*** Begin section ***
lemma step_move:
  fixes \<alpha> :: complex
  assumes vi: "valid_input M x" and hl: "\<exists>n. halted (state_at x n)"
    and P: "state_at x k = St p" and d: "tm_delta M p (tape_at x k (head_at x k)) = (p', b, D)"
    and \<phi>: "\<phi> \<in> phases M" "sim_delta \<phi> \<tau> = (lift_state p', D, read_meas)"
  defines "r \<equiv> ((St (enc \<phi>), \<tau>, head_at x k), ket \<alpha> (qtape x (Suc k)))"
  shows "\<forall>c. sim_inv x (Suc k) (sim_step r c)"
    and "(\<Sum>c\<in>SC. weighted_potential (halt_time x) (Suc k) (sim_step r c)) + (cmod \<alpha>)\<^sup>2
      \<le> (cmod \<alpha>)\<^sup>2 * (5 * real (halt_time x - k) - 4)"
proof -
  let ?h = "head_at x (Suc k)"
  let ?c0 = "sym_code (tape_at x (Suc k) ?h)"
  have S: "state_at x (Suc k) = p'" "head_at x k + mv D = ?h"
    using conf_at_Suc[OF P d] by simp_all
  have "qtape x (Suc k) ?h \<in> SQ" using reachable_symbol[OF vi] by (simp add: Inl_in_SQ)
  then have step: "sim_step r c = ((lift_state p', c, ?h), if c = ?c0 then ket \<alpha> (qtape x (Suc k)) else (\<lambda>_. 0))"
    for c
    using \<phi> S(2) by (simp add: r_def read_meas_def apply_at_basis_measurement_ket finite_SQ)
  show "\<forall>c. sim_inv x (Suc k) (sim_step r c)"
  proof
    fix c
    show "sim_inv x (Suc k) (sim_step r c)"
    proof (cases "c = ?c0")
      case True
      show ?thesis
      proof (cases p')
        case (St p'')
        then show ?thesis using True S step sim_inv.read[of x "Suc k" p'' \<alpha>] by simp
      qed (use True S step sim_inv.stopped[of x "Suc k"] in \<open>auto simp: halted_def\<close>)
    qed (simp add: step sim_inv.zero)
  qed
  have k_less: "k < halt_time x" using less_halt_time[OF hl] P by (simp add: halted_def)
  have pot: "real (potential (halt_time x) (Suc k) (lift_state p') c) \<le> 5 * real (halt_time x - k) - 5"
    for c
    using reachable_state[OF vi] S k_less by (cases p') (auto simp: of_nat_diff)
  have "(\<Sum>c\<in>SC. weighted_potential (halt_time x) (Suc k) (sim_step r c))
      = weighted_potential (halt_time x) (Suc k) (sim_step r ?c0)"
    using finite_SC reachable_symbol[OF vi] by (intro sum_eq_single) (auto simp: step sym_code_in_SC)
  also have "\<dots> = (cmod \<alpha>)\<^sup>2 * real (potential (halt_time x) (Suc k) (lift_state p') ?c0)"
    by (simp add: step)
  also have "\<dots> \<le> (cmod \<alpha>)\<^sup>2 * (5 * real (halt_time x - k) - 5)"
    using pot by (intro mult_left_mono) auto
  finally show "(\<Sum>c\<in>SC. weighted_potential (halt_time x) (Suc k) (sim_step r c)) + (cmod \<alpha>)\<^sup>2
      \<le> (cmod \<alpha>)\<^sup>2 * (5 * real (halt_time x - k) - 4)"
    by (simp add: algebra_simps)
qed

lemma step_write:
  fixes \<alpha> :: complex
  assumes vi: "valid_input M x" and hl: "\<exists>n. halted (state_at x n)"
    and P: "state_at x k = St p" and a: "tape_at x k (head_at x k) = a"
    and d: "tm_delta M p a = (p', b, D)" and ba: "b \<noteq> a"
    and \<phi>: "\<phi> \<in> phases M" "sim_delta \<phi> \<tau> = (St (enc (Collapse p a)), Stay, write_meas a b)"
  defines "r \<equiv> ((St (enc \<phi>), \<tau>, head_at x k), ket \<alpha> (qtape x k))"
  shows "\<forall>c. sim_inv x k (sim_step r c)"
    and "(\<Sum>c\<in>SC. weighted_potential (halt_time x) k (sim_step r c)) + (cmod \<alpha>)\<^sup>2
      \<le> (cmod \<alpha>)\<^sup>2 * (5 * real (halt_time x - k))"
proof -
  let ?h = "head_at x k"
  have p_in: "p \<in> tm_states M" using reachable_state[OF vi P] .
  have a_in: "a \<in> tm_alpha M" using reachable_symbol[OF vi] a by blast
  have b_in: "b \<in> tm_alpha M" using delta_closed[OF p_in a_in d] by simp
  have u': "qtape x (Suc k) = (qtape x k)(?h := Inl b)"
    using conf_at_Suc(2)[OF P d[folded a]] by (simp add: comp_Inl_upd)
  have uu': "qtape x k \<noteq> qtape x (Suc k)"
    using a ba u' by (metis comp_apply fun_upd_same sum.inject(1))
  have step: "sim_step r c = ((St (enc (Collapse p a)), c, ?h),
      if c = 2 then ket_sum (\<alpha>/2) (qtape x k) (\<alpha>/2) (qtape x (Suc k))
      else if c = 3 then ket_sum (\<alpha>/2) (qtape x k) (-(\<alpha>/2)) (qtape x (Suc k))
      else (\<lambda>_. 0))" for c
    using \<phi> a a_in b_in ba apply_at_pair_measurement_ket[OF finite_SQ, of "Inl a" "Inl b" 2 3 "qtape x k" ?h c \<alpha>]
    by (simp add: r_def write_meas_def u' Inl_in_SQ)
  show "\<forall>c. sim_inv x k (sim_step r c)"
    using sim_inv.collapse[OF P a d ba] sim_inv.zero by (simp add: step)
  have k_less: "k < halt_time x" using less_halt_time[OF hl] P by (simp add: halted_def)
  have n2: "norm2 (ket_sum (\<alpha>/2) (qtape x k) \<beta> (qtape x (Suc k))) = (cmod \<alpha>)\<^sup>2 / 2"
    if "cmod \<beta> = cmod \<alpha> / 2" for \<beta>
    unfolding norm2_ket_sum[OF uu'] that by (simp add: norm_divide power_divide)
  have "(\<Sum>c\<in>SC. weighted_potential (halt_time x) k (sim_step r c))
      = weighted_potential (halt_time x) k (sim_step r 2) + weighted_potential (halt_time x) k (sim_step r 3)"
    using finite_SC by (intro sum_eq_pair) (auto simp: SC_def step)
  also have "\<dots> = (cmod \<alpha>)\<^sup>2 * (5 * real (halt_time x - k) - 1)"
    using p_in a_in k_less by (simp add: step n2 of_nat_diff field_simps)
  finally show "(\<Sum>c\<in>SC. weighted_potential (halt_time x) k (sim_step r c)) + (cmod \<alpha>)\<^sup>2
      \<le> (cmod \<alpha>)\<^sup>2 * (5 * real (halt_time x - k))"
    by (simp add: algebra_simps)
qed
*** End section ***
## Task to carry out
Beginning with the line that holds "unfolding norm2_ket_sum[OF uu']" and ending with the last line of the data, copy each line exactly and add nothing.

## Solution for this task
    unfolding norm2_ket_sum[OF uu'] that by (simp add: norm_divide power_divide)
  have "(\<Sum>c\<in>SC. weighted_potential (halt_time x) k (sim_step r c))
      = weighted_potential (halt_time x) k (sim_step r 2) + weighted_potential (halt_time x) k (sim_step r 3)"
    using finite_SC by (intro sum_eq_pair) (auto simp: SC_def step)
  also have "\<dots> = (cmod \<alpha>)\<^sup>2 * (5 * real (halt_time x - k) - 1)"
    using p_in a_in k_less by (simp add: step n2 of_nat_diff field_simps)
  finally show "(\<Sum>c\<in>SC. weighted_potential (halt_time x) k (sim_step r c)) + (cmod \<alpha>)\<^sup>2
      \<le> (cmod \<alpha>)\<^sup>2 * (5 * real (halt_time x - k))"
    by (simp add: algebra_simps)
qed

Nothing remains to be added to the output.